I went to bed too early last night.

It seemed quiet when I laid down my head. This morning I wake to find that my email has swelled to bursting. There are two events driving the majority of it. Both of them are earthquakes.

One was a physical earthquake.

Thousands of people are dead across the coasts of Asia, killed by monster waves set off by an underwater earthquake off the coast of Indonesia.

The quake sent massive waves, up to 10 metres high, across the Indian Ocean: west to the Maldives, north-west to India and Sri Lanka, north into the Andaman Islands and Thailand and east to Malaysia, leaving more than 5000 feared dead in seaside towns and villages.

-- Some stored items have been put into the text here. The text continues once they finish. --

(* For all $a,b\in\mathbb{B}^n$, \[ \mathrm{th}\left(\frac{h_{\mathbb{B}^n}(a,b)}{4}\right)\ge\frac{|a-b|}{\sqrt{4-|a+b|^2}}. \] Equality holds if $a=-b$.
   Context: $\mathbb{B}^n$ is the unit ball of $\mathbb{R}^n$. Hilbert metric: for distinct $a,b$ in a bounded convex domain $G\subset\mathbb{R}^n$, let $u,v$ be the intersection points of the line through $a,b$ with $\partial G$, ordered $u,a,b,v$ on the line; $h_G(a,b)=\log\frac{|u-b||a-v|}{|u-a||b-v|}$, and $h_G(a,a)=0$. *)

theory Defs
  imports "HOL-Analysis.Analysis"
begin

text \<open>For distinct a, b the line through
  a and b meets the boundary of G in u and v, ordered u, a, b, v on the line:
  u = a + t (b - a) with t \<le> 0 and v = a + t (b - a) with t \<ge> 1.\<close>
definition hilbert_metric :: "'a::euclidean_space set \<Rightarrow> 'a \<Rightarrow> 'a \<Rightarrow> real" where
  "hilbert_metric G a b =
     (if a = b then 0
      else let u = (THE u. u \<in> frontier G \<and> (\<exists>t::real. t \<le> 0 \<and> u = a + t *\<^sub>R (b - a)));
               v = (THE v. v \<in> frontier G \<and> (\<exists>t::real. t \<ge> 1 \<and> v = a + t *\<^sub>R (b - a)))
           in ln ((norm (u - b) * norm (a - v)) / (norm (u - a) * norm (b - v))))"

end

theory Submission
  imports Defs
begin

text \<open>Write a = m - w and b = m + w with m the midpoint. Since |m + s w|^2 - 1 is a quadratic in s
  with leading coefficient |w|^2, the line m + s w leaves the unit ball at s = -\<alpha> and s = \<beta> with
  \<alpha>, \<beta> > 1, and the cross ratio defining h is R = (1 + \<alpha>)(1 + \<beta>) / ((\<alpha> - 1)(\<beta> - 1)), so that
  tanh (h/4) = (sqrt R - 1) / (sqrt R + 1). Evaluating the quadratic at s = 0 gives
  4 - |a + b|^2 = \<alpha>\<beta> |a - b|^2, so the right-hand side is 1 / sqrt (\<alpha>\<beta>). With g = sqrt (\<alpha>\<beta>)
  the claim becomes ((g + 1) / (g - 1))^2 \<le> R, which after clearing denominators is the AM-GM
  inequality \<alpha> + \<beta> \<ge> 2 g. For a = -b the midpoint is the origin, so \<alpha> = \<beta> and AM-GM is an
  equality.\<close>

lemma tanh_ln_div_4:
  fixes R :: real
  assumes "0 < R"
  shows "tanh (ln R / 4) = (sqrt R - 1) / (sqrt R + 1)"
proof -
  have "ln R / 4 = ln (root 4 R)"
    using assms by (simp add: ln_root)
  moreover have "(root 4 R)\<^sup>2 = sqrt R"
    using assms by (simp add: sqrt_def real_root_mult_exp[of 2 2, simplified])
  ultimately show ?thesis
    using assms tanh_ln_real[of "root 4 R"] by simp
qed

lemma tanh_ln_cross_ratio_ge:
  fixes \<alpha> \<beta> :: real
  assumes "1 < \<alpha>" "1 < \<beta>"
  shows "1 / sqrt (\<alpha> * \<beta>) \<le> tanh (ln ((1 + \<alpha>) * (1 + \<beta>) / ((\<alpha> - 1) * (\<beta> - 1))) / 4)"
proof -
  define g where "g = sqrt (\<alpha> * \<beta>)"
  define R where "R = (1 + \<alpha>) * (1 + \<beta>) / ((\<alpha> - 1) * (\<beta> - 1))"
  have g_sq: "g\<^sup>2 = \<alpha> * \<beta>" and g_gt_1: "1 < g"
    using assms by (simp_all add: g_def less_1_mult)
  have am_gm: "2 * g \<le> \<alpha> + \<beta>"
    using assms arith_geo_mean_sqrt[of \<alpha> \<beta>] by (simp add: g_def)
  have "(1 + \<alpha>) * (1 + \<beta>) * (g - 1)\<^sup>2 - (g + 1)\<^sup>2 * ((\<alpha> - 1) * (\<beta> - 1))
      = 2 * (\<alpha> * \<beta> + 1) * (\<alpha> + \<beta> - 2 * g)"
    using g_sq by (simp add: power2_eq_square algebra_simps)
  also have "\<dots> \<ge> 0"
    using am_gm assms by simp
  finally have "((g + 1) / (g - 1))\<^sup>2 \<le> R"
    using g_gt_1 assms by (simp add: R_def divide_simps power_divide)
  then have "(g + 1) / (g - 1) \<le> sqrt R"
    by (simp add: real_le_rsqrt)
  moreover have "0 < R"
    using assms by (simp add: R_def)
  ultimately have "1 / g \<le> (sqrt R - 1) / (sqrt R + 1)"
    using g_gt_1 by (simp add: divide_simps algebra_simps add_pos_pos)
  with \<open>0 < R\<close> show ?thesis
    by (simp add: tanh_ln_div_4 g_def R_def)
qed

lemma tanh_ln_cross_ratio_eq:
  fixes \<alpha> :: real
  assumes "1 < \<alpha>"
  shows "tanh (ln ((1 + \<alpha>) * (1 + \<alpha>) / ((\<alpha> - 1) * (\<alpha> - 1))) / 4) = 1 / sqrt (\<alpha> * \<alpha>)"
proof -
  define R where "R = (1 + \<alpha>) * (1 + \<alpha>) / ((\<alpha> - 1) * (\<alpha> - 1))"
  have "R = ((1 + \<alpha>) / (\<alpha> - 1))\<^sup>2"
    by (simp add: R_def power2_eq_square)
  then have "sqrt R = (1 + \<alpha>) / (\<alpha> - 1)" and "0 < R"
    using assms by simp_all
  then have "tanh (ln R / 4) = ((1 + \<alpha>) / (\<alpha> - 1) - 1) / ((1 + \<alpha>) / (\<alpha> - 1) + 1)"
    by (simp add: tanh_ln_div_4)
  also have "\<dots> = 1 / sqrt (\<alpha> * \<alpha>)"
    using assms by (simp add: field_simps)
  finally show ?thesis
    by (simp add: R_def)
qed

lemma power2_norm_line_factor:
  fixes m w :: "'a::real_inner"
  assumes "norm m < 1" "w \<noteq> 0"
  obtains \<alpha> \<beta> :: real where "0 < \<alpha>" "0 < \<beta>"
    "\<And>s. (norm (m + s *\<^sub>R w))\<^sup>2 = 1 + (norm w)\<^sup>2 * (s + \<alpha>) * (s - \<beta>)"
proof
  define A B D where "A = (norm w)\<^sup>2" and "B = m \<bullet> w" and "D = B\<^sup>2 + A * (1 - (norm m)\<^sup>2)"
  have "0 < A" using assms(2) by (simp add: A_def)
  moreover have "(norm m)\<^sup>2 < 1" using assms(1) by (simp add: abs_square_less_1)
  ultimately have "B\<^sup>2 < D" by (simp add: D_def)
  moreover have "0 < D"
    using \<open>B\<^sup>2 < D\<close> zero_le_power2[of B] by linarith
  ultimately have sqrt_D: "\<bar>B\<bar> < sqrt D" "(sqrt D)\<^sup>2 = D"
    by (simp_all add: real_less_rsqrt)
  show "0 < (sqrt D + B) / A" "0 < (sqrt D - B) / A"
    using sqrt_D \<open>0 < A\<close> by simp_all
  fix s :: real
  have "(norm (m + s *\<^sub>R w))\<^sup>2 = (norm m)\<^sup>2 + 2 * s * B + s\<^sup>2 * A"
    unfolding A_def B_def power2_norm_eq_inner by (simp add: algebra_simps inner_commute power2_eq_square)
  also have "\<dots> = 1 + A * (s + (sqrt D + B) / A) * (s - (sqrt D - B) / A)"
    using sqrt_D \<open>0 < A\<close> by (simp add: D_def field_simps power2_eq_square)
  finally show "(norm (m + s *\<^sub>R w))\<^sup>2 = 1 + (norm w)\<^sup>2 * (s + (sqrt D + B) / A) * (s - (sqrt D - B) / A)"
    by (simp add: A_def)
qed

lemma unit_ball_chord_factor:
  fixes m w :: "'a::real_inner"
  assumes "norm (m - w) < 1" "norm (m + w) < 1" "w \<noteq> 0"
  obtains \<alpha> \<beta> :: real where "1 < \<alpha>" "1 < \<beta>"
    "\<And>s. (norm (m + s *\<^sub>R w))\<^sup>2 = 1 + (norm w)\<^sup>2 * (s + \<alpha>) * (s - \<beta>)"
proof -
  have "(m - w) + (m + w) = 2 *\<^sub>R m"
    by (simp add: scaleR_2)
  then have "norm m \<le> (norm (m - w) + norm (m + w)) / 2"
    using norm_triangle_ineq[of "m - w" "m + w"] by simp
  then have "norm m < 1"
    using assms by simp
  then obtain \<alpha> \<beta> where "0 < \<alpha>" "0 < \<beta>"
    and quad: "\<And>s. (norm (m + s *\<^sub>R w))\<^sup>2 = 1 + (norm w)\<^sup>2 * (s + \<alpha>) * (s - \<beta>)"
    using power2_norm_line_factor assms(3) by metis
  have "(norm (m - w))\<^sup>2 < 1" "(norm (m + w))\<^sup>2 < 1"
    using assms by (simp_all add: abs_square_less_1)
  then have "(norm w)\<^sup>2 * ((\<alpha> - 1) * (1 + \<beta>)) > 0" "(norm w)\<^sup>2 * ((1 + \<alpha>) * (\<beta> - 1)) > 0"
    using quad[of "-1"] quad[of 1] by (simp_all add: algebra_simps)
  then have "1 < \<alpha>" "1 < \<beta>"
    using \<open>0 < \<alpha>\<close> \<open>0 < \<beta>\<close> by (simp_all add: zero_less_mult_iff)
  with quad show thesis
    using that by blast
qed

lemma unit_sphere_line_iff:
  fixes m w :: "'a::real_normed_vector"
  assumes "w \<noteq> 0"
    and quad: "\<And>s. (norm (m + s *\<^sub>R w))\<^sup>2 = 1 + (norm w)\<^sup>2 * (s + \<alpha>) * (s - \<beta>)"
  shows "m + s *\<^sub>R w \<in> sphere 0 1 \<longleftrightarrow> s = - \<alpha> \<or> s = \<beta>"
proof -
  have "m + s *\<^sub>R w \<in> sphere 0 1 \<longleftrightarrow> (norm (m + s *\<^sub>R w))\<^sup>2 = 1"
    by (simp add: abs_square_eq_1)
  also have "\<dots> \<longleftrightarrow> (s + \<alpha>) * (s - \<beta>) = 0"
    using assms(1) by (simp add: quad)
  finally show ?thesis
    by (simp add: eq_neg_iff_add_eq_0)
qed

lemma unit_ball_chord_endpoints:
  fixes m w :: "'a::real_normed_vector"
  assumes "w \<noteq> 0" "1 < \<alpha>" "1 < \<beta>"
    and quad: "\<And>s. (norm (m + s *\<^sub>R w))\<^sup>2 = 1 + (norm w)\<^sup>2 * (s + \<alpha>) * (s - \<beta>)"
  shows "(THE u. u \<in> frontier (ball 0 1) \<and> (\<exists>t::real. t \<le> 0 \<and> u = (m - w) + t *\<^sub>R ((m + w) - (m - w))))
      = m + (- \<alpha>) *\<^sub>R w" (is "?u = _")
    and "(THE v. v \<in> frontier (ball 0 1) \<and> (\<exists>t::real. t \<ge> 1 \<and> v = (m - w) + t *\<^sub>R ((m + w) - (m - w))))
      = m + \<beta> *\<^sub>R w" (is "?v = _")
proof -
  have line: "(m - w) + t *\<^sub>R ((m + w) - (m - w)) = m + (2 * t - 1) *\<^sub>R w" for t :: real
    by (simp add: algebra_simps) (metis mult_2_right scaleR_add_left)
  note on_sphere = unit_sphere_line_iff[OF assms(1) quad]
  show "?u = m + (- \<alpha>) *\<^sub>R w"
  proof (rule the_equality)
    show "m + (- \<alpha>) *\<^sub>R w \<in> frontier (ball 0 1) \<and>
        (\<exists>t::real. t \<le> 0 \<and> m + (- \<alpha>) *\<^sub>R w = (m - w) + t *\<^sub>R ((m + w) - (m - w)))"
      unfolding line frontier_ball[OF zero_less_one] on_sphere using assms(2)
      by (intro conjI exI[of _ "(1 - \<alpha>) / 2"]) (simp_all add: field_simps)
  next
    fix u assume "u \<in> frontier (ball 0 1) \<and> (\<exists>t::real. t \<le> 0 \<and> u = (m - w) + t *\<^sub>R ((m + w) - (m - w)))"
    then obtain t where "t \<le> 0" "u = m + (2 * t - 1) *\<^sub>R w" "2 * t - 1 = - \<alpha> \<or> 2 * t - 1 = \<beta>"
      unfolding line frontier_ball[OF zero_less_one] by (metis on_sphere)
    then show "u = m + (- \<alpha>) *\<^sub>R w"
      using assms(3) by auto
  qed
  show "?v = m + \<beta> *\<^sub>R w"
  proof (rule the_equality)
    show "m + \<beta> *\<^sub>R w \<in> frontier (ball 0 1) \<and>
        (\<exists>t::real. t \<ge> 1 \<and> m + \<beta> *\<^sub>R w = (m - w) + t *\<^sub>R ((m + w) - (m - w)))"
      unfolding line frontier_ball[OF zero_less_one] on_sphere using assms(3)
      by (intro conjI exI[of _ "(1 + \<beta>) / 2"]) (simp_all add: field_simps)
  next
    fix v assume "v \<in> frontier (ball 0 1) \<and> (\<exists>t::real. t \<ge> 1 \<and> v = (m - w) + t *\<^sub>R ((m + w) - (m - w)))"
    then obtain t where "t \<ge> 1" "v = m + (2 * t - 1) *\<^sub>R w" "2 * t - 1 = - \<alpha> \<or> 2 * t - 1 = \<beta>"
      unfolding line frontier_ball[OF zero_less_one] by (metis on_sphere)
    then show "v = m + \<beta> *\<^sub>R w"
      using assms(2) by auto
  qed
qed

lemma hilbert_metric_unit_ball_chord:
  fixes m w :: "'a::euclidean_space"
  assumes "w \<noteq> 0" "1 < \<alpha>" "1 < \<beta>"
    and quad: "\<And>s. (norm (m + s *\<^sub>R w))\<^sup>2 = 1 + (norm w)\<^sup>2 * (s + \<alpha>) * (s - \<beta>)"
  shows "hilbert_metric (ball 0 1) (m - w) (m + w) = ln ((1 + \<alpha>) * (1 + \<beta>) / ((\<alpha> - 1) * (\<beta> - 1)))"
proof -
  have dist_line: "norm ((m + s *\<^sub>R w) - (m + r *\<^sub>R w)) = \<bar>s - r\<bar> * norm w" for s r :: real
    by (simp flip: scaleR_diff_left)
  have "norm (m + (- \<alpha>) *\<^sub>R w - (m + w)) = (1 + \<alpha>) * norm w"
    "norm (m - w - (m + \<beta> *\<^sub>R w)) = (1 + \<beta>) * norm w"
    "norm (m + (- \<alpha>) *\<^sub>R w - (m - w)) = (\<alpha> - 1) * norm w"
    "norm (m + w - (m + \<beta> *\<^sub>R w)) = (\<beta> - 1) * norm w"
    using dist_line[of "- \<alpha>" 1] dist_line[of "- 1" \<beta>] dist_line[of "- \<alpha>" "- 1"] dist_line[of 1 \<beta>] assms(2,3)
    by simp_all
  moreover have "m - w \<noteq> m + w"
    using assms(1) by (simp add: neg_eq_iff_add_eq_0 flip: scaleR_2)
  ultimately show ?thesis
    unfolding hilbert_metric_def unit_ball_chord_endpoints[OF assms] Let_def using assms(1) by simp
qed

lemma unit_ball_chord_ratio:
  fixes m w :: "'a::real_inner"
  assumes "w \<noteq> 0"
    and quad: "\<And>s. (norm (m + s *\<^sub>R w))\<^sup>2 = 1 + (norm w)\<^sup>2 * (s + \<alpha>) * (s - \<beta>)"
  shows "norm ((m - w) - (m + w)) / sqrt (4 - (norm ((m - w) + (m + w)))\<^sup>2) = 1 / sqrt (\<alpha> * \<beta>)"
proof -
  have "(m - w) - (m + w) = (- 2) *\<^sub>R w" "(m - w) + (m + w) = 2 *\<^sub>R m"
    by (simp_all add: scaleR_2)
  moreover have "4 - (norm (2 *\<^sub>R m))\<^sup>2 = (2 * norm w)\<^sup>2 * (\<alpha> * \<beta>)"
    using quad[of 0] by (simp add: power_mult_distrib algebra_simps)
  ultimately show ?thesis
    using assms(1) by (simp add: real_sqrt_mult)
qed

theorem corollary3p8:
  fixes a b :: "'a::euclidean_space"
  assumes "a \<in> ball 0 1" and "b \<in> ball 0 1"
  shows "tanh (hilbert_metric (ball 0 1) a b / 4) \<ge> norm (a - b) / sqrt (4 - (norm (a + b))\<^sup>2)
         \<and> (a = - b \<longrightarrow> tanh (hilbert_metric (ball 0 1) a b / 4) = norm (a - b) / sqrt (4 - (norm (a + b))\<^sup>2))"
proof (cases "a = b")
  case True
  then show ?thesis
    by (simp add: hilbert_metric_def)
next
  case False
  define m w where "m = (1 / 2) *\<^sub>R (a + b)" and "w = (1 / 2) *\<^sub>R (b - a)"
  have ab: "a = m - w" "b = m + w"
    by (simp_all add: m_def w_def algebra_simps flip: scaleR_add_left)
  then have "w \<noteq> 0"
    using False by auto
  then obtain \<alpha> \<beta> where "1 < \<alpha>" "1 < \<beta>"
    and quad: "\<And>s. (norm (m + s *\<^sub>R w))\<^sup>2 = 1 + (norm w)\<^sup>2 * (s + \<alpha>) * (s - \<beta>)"
    using unit_ball_chord_factor[of m w] assms ab by auto
  have "\<alpha> = \<beta>" if "a = - b"
  proof -
    have "(norm w)\<^sup>2 * ((1 + \<alpha>) * (1 - \<beta>)) = (norm w)\<^sup>2 * ((\<alpha> - 1) * (- 1 - \<beta>))"
      using quad[of 1] quad[of "- 1"] that by (simp add: m_def algebra_simps)
    then show ?thesis
      using \<open>w \<noteq> 0\<close> by (simp add: algebra_simps)
  qed
  then show ?thesis
    using hilbert_metric_unit_ball_chord[OF \<open>w \<noteq> 0\<close> \<open>1 < \<alpha>\<close> \<open>1 < \<beta>\<close> quad]
      unit_ball_chord_ratio[OF \<open>w \<noteq> 0\<close> quad]
      tanh_ln_cross_ratio_ge[OF \<open>1 < \<alpha>\<close> \<open>1 < \<beta>\<close>] tanh_ln_cross_ratio_eq[OF \<open>1 < \<alpha>\<close>]
    by (auto simp: ab)
qed

end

It measured 8.9 on the Richter scale, making it the fifth most powerful since 1900, striking at 8am local time yesterday (midday in Melbourne).
The other earthquake was in China:
Up to 50,000 workers upset over mistreatment by local security guards clashed with police in a town in China's Guangdong province, throwing rocks and bricks and torching four police cars, a Hong Kong newspaper said on Sunday.

The unrest was the latest in a string of riots and clashes in rural China, all sparked by seemingly minor issues, that have highlighted discontent over rampant corruption and abuse of power and a growing rich-poor gap.
Christmas was peaceful, but the Feast of Stephen (as the song says) is turning out to be anything but. The first matter in particular is of concern, as the US Navy and Marines will mobilize across the Pacific Command to provide relief to the stricken. This won't get the kinds of headlines Iraq does (when did you read about the aid we've been providing to the Philippines this month, in the wake of their catastrophic floods?).

In spite of the disinterest of the elite -- and in the face of real danger from the perils that affect all places recently struck by storm and flood -- our sailors and Marines will be out there, doing good. When you are thinking of the deployed this holiday weekend, think of the ones out in the Pacific, too. Not many do, but they're as far from home as anyone.